(* Let $X$ be a compact metric space, $T\colon X\to X$ continuous, and $x\in X$. If $\nu\in V^{\log}(x)$ is an ergodic $T$-invariant measure, then $\nu\in V(x)$.
   Context: For $N\ge1$ let $\mathrm{Emp}(x,N)=\frac1N\sum_{n=1}^N\delta_{T^{n-1}(x)}$, and for $N\ge2$ let $\mathrm{Emp}^{\log}(x,N)=\frac1{\log N}\sum_{n=1}^N\frac1n\delta_{T^{n-1}(x)}$. $V(x)$ is the set of Borel probability measures $\nu$ on $X$ such that $\mathrm{Emp}(x,N_k)\to\nu$ weak-$*$ for some increasing sequence $(N_k)$; $V^{\log}(x)$ is the set of Borel probability measures $\nu$ such that $\mathrm{Emp}^{\log}(x,N_k)\to\nu$ weak-$*$ for some increasing sequence $(N_k)$. *)

theory Defs
  imports "HOL-Probability.Probability"
begin

definition borel_prob :: "'a::metric_space measure \<Rightarrow> bool" where
  "borel_prob \<nu> \<longleftrightarrow> prob_space \<nu> \<and> sets \<nu> = sets borel"

text \<open>Weak-* convergence of a sequence of (finite Borel) measures: convergence of the
  integrals of every continuous real function (all of which are bounded on a compact space).\<close>
definition weak_star_conv :: "(nat \<Rightarrow> 'a::metric_space measure) \<Rightarrow> 'a measure \<Rightarrow> bool" where
  "weak_star_conv \<mu> \<nu> \<longleftrightarrow>
     (\<forall>f :: 'a \<Rightarrow> real. continuous_on UNIV f \<longrightarrow>
        (\<lambda>k. integral\<^sup>L (\<mu> k) f) \<longlonglongrightarrow> integral\<^sup>L \<nu> f)"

────────────────────

* [ACTIVITY]
Find each line in the records above that contains "longleftrightarrow", and copy it.

* [TASK ANSWER]
  "borel_prob \<nu> \<longleftrightarrow> prob_space \<nu> \<and> sets \<nu> = sets borel"
  "weak_star_conv \<mu> \<nu> \<longleftrightarrow>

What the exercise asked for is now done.